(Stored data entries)
-- Opening Marker --

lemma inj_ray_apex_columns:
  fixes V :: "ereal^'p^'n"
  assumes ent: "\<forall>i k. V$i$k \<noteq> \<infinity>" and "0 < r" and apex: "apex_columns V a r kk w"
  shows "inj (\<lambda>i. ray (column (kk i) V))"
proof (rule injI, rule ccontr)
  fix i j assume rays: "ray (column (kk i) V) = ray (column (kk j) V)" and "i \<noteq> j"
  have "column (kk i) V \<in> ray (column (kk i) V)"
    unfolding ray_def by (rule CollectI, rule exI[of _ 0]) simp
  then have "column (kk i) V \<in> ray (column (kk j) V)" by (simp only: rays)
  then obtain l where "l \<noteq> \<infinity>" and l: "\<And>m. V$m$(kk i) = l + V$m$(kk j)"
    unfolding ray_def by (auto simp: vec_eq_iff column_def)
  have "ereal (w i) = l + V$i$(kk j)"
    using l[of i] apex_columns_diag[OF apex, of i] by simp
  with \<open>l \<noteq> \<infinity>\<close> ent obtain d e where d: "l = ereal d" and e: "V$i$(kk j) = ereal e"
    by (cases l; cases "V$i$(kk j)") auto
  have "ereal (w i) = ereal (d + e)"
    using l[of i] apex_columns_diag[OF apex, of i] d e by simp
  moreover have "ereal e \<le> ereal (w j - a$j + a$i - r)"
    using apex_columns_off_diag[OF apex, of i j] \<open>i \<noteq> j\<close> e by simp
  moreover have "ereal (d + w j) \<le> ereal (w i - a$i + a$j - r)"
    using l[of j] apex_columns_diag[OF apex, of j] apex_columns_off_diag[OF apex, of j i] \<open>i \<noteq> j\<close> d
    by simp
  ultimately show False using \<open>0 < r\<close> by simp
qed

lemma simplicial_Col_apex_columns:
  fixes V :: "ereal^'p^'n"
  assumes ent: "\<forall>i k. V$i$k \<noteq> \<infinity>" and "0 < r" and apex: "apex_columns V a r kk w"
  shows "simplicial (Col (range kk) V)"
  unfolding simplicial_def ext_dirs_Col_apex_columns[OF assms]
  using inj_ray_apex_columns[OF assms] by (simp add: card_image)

-- Closing Marker --
-- Opening Marker --

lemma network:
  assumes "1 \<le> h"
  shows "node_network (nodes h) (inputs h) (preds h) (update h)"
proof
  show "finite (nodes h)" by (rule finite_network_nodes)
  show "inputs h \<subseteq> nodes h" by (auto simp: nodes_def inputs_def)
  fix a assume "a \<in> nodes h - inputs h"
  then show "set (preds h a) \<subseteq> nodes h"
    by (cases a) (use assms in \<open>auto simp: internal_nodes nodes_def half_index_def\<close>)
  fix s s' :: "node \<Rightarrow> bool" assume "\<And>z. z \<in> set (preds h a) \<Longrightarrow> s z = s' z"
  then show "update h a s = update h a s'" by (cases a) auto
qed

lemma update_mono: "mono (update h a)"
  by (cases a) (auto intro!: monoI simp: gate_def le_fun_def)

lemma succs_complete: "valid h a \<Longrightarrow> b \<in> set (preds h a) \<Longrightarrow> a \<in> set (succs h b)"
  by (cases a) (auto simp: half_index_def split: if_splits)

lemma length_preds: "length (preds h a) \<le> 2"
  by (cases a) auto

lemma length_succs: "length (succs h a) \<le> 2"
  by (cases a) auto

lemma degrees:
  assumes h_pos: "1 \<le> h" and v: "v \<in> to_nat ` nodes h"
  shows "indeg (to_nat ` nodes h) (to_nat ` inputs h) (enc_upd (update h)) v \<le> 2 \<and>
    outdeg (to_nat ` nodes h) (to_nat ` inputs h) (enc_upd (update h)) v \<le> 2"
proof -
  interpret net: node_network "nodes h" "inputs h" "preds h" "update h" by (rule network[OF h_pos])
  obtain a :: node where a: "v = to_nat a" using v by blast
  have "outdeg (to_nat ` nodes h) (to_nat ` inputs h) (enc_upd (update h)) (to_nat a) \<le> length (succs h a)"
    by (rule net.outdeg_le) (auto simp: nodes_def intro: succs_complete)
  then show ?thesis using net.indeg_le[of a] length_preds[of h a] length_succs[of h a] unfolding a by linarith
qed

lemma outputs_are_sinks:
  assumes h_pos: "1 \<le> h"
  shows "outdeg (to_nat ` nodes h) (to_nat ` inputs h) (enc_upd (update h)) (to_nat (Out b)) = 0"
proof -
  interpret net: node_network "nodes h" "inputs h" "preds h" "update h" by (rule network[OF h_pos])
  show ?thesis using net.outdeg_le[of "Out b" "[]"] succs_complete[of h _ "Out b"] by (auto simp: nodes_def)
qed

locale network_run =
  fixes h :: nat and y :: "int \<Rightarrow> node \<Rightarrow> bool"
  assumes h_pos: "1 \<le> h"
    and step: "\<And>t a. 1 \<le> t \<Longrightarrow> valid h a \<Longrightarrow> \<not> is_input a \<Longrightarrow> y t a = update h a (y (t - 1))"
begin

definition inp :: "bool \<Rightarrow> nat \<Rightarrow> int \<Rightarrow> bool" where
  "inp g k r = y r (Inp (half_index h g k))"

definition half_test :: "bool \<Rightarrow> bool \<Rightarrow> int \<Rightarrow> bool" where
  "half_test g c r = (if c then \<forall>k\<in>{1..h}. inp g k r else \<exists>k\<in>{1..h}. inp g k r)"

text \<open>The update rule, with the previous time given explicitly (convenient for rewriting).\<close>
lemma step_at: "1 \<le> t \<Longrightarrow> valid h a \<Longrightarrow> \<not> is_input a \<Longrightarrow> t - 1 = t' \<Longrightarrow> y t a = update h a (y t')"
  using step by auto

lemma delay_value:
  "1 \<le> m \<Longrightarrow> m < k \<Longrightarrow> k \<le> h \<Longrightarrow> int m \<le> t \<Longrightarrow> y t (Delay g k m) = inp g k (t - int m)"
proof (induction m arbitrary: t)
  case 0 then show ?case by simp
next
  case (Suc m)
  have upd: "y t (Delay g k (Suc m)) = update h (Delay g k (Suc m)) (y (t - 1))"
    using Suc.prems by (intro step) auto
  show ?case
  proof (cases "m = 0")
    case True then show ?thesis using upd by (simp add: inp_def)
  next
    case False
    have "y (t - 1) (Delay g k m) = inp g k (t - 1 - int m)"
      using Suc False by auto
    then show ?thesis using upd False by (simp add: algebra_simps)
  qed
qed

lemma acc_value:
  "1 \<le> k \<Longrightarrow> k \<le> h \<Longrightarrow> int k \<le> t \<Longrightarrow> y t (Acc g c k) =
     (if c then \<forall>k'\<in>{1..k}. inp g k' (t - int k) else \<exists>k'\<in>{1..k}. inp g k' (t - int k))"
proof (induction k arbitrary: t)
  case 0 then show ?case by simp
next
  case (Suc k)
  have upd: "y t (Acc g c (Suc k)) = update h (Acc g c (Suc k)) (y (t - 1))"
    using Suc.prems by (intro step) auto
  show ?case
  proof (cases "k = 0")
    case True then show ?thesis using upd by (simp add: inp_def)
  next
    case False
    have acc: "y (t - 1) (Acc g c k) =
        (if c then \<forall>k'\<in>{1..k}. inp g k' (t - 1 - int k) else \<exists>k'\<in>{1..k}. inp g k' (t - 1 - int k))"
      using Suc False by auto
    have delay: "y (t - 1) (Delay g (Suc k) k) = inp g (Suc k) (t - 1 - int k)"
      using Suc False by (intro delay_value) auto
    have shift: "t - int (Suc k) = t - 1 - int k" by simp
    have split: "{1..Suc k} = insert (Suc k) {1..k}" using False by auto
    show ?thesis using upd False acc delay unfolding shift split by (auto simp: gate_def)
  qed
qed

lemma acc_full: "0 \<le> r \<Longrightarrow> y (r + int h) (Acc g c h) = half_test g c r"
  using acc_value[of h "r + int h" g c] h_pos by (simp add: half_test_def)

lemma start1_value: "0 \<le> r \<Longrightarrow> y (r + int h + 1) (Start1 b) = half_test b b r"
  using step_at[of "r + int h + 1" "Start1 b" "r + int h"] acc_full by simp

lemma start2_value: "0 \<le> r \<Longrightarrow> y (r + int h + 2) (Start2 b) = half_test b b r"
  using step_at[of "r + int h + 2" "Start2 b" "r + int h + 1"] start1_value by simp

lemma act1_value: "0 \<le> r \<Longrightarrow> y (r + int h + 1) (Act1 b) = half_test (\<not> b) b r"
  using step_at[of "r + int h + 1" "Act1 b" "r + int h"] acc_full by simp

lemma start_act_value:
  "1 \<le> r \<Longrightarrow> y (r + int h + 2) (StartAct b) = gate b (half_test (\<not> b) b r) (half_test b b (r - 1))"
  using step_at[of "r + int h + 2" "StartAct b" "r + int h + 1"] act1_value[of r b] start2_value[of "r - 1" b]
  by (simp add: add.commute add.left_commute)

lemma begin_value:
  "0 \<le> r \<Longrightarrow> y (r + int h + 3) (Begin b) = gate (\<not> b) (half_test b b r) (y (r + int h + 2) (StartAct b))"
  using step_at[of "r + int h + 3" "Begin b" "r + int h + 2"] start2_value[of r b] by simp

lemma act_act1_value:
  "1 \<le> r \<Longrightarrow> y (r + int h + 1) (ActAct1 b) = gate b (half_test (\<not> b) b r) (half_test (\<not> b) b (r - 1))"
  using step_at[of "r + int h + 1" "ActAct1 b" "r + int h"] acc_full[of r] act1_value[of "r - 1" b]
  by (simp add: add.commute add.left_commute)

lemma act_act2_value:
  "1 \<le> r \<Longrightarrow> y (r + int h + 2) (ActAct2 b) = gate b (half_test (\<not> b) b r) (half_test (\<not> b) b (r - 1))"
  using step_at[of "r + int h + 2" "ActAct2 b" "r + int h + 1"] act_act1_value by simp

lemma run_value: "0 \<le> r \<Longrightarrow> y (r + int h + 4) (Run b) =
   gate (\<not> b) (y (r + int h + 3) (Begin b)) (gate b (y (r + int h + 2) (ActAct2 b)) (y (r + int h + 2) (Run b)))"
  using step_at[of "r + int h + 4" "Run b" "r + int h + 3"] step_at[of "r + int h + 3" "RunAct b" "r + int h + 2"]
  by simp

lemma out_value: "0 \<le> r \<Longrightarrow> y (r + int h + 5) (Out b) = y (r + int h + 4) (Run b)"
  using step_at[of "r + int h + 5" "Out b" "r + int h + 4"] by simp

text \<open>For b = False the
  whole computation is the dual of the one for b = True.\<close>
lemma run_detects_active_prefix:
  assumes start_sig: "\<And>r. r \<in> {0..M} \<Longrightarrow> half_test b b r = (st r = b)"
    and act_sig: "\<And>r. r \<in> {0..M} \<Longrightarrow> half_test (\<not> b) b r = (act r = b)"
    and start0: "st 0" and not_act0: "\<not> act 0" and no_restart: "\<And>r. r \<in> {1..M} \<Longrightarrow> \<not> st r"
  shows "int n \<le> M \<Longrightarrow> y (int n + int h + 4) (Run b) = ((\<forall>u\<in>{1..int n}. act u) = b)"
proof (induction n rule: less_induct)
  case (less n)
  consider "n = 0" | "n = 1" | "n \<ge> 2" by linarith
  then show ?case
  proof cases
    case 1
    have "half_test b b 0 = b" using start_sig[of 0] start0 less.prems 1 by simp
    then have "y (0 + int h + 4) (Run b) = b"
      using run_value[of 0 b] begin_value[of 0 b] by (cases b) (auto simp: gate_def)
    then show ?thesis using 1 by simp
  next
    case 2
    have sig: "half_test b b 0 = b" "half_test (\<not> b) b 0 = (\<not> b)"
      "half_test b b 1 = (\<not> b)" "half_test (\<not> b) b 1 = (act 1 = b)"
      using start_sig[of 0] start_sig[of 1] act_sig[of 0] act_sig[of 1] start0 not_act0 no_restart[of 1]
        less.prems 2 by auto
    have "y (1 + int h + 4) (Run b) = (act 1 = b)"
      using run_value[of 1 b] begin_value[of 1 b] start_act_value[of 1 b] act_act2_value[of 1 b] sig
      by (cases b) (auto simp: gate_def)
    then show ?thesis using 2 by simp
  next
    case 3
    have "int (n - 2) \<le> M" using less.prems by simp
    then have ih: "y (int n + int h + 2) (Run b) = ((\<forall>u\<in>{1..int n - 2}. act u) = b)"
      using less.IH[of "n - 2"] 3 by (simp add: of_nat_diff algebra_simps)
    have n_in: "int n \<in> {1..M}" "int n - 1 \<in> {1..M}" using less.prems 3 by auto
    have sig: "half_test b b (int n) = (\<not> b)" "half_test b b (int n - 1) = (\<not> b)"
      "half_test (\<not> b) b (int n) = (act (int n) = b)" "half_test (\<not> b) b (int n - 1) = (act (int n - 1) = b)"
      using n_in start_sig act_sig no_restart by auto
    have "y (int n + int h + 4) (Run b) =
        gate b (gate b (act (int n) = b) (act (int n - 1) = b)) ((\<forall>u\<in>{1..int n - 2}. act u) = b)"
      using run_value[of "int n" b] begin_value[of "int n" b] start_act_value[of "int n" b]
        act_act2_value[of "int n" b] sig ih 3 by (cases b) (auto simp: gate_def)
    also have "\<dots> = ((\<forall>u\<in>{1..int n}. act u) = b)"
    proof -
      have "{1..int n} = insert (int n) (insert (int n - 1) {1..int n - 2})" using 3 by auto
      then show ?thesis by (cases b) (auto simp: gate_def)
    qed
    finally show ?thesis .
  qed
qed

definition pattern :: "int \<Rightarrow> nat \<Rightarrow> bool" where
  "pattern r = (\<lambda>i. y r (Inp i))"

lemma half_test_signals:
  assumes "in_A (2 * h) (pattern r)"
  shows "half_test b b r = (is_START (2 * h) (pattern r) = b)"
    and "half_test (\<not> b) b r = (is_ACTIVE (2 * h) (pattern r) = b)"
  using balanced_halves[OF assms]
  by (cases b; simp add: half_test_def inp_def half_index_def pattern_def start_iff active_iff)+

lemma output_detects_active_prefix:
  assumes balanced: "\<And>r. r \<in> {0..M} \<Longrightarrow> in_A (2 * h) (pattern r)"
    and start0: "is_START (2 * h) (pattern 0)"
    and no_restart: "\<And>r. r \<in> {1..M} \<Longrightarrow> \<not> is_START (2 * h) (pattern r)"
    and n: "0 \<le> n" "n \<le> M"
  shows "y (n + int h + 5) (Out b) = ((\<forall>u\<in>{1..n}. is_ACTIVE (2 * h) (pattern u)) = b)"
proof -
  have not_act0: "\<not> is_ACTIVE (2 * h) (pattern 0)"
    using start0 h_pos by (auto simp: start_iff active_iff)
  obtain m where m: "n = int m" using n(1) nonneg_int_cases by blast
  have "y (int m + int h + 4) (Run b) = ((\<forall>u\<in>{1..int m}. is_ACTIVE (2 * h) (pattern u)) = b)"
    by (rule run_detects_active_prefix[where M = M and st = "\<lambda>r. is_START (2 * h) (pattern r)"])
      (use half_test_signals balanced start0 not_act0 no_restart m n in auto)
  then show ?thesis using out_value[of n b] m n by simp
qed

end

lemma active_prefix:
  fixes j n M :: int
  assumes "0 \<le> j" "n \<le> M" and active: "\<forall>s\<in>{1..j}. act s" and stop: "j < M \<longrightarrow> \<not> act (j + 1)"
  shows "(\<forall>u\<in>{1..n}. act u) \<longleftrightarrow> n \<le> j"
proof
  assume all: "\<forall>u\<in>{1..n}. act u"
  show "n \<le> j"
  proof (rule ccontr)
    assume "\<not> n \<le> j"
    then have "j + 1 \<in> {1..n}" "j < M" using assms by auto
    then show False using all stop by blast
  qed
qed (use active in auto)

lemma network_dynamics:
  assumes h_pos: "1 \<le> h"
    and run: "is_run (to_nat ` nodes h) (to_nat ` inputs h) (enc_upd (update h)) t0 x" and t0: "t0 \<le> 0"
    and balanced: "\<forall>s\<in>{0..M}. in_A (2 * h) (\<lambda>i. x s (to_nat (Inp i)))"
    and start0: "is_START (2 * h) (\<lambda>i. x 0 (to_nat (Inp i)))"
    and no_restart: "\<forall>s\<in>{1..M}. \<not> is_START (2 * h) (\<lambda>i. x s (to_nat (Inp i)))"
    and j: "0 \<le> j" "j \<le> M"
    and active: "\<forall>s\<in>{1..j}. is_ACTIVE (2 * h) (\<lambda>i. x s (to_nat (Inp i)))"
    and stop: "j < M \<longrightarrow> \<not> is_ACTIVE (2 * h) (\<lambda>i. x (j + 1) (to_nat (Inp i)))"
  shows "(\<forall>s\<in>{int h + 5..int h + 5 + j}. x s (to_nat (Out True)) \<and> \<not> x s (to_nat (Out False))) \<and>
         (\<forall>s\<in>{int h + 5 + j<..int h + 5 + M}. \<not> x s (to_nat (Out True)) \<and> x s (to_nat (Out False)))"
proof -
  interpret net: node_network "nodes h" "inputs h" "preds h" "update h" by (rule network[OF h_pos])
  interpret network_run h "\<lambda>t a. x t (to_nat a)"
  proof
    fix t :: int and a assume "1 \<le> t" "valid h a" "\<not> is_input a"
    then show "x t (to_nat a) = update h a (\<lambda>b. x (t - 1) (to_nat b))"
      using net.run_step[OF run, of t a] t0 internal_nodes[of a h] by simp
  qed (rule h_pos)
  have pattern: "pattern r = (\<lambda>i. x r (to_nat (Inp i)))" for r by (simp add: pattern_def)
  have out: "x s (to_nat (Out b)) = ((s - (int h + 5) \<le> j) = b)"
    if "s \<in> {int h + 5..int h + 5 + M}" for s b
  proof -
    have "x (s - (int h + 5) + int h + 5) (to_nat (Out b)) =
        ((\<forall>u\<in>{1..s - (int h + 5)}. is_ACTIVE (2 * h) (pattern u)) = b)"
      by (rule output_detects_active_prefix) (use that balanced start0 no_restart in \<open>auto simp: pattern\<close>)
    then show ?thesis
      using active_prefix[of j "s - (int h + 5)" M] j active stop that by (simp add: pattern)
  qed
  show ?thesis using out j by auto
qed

-- Closing Marker --

» WHAT YOU SHOULD DO: Write out each line above with the word "split".

» WORKED SOLUTION:
  by (cases a) (auto simp: half_index_def split: if_splits)
    have split: "{1..Suc k} = insert (Suc k) {1..k}" using False by auto
    show ?thesis using upd False acc delay unfolding shift split by (auto simp: gate_def)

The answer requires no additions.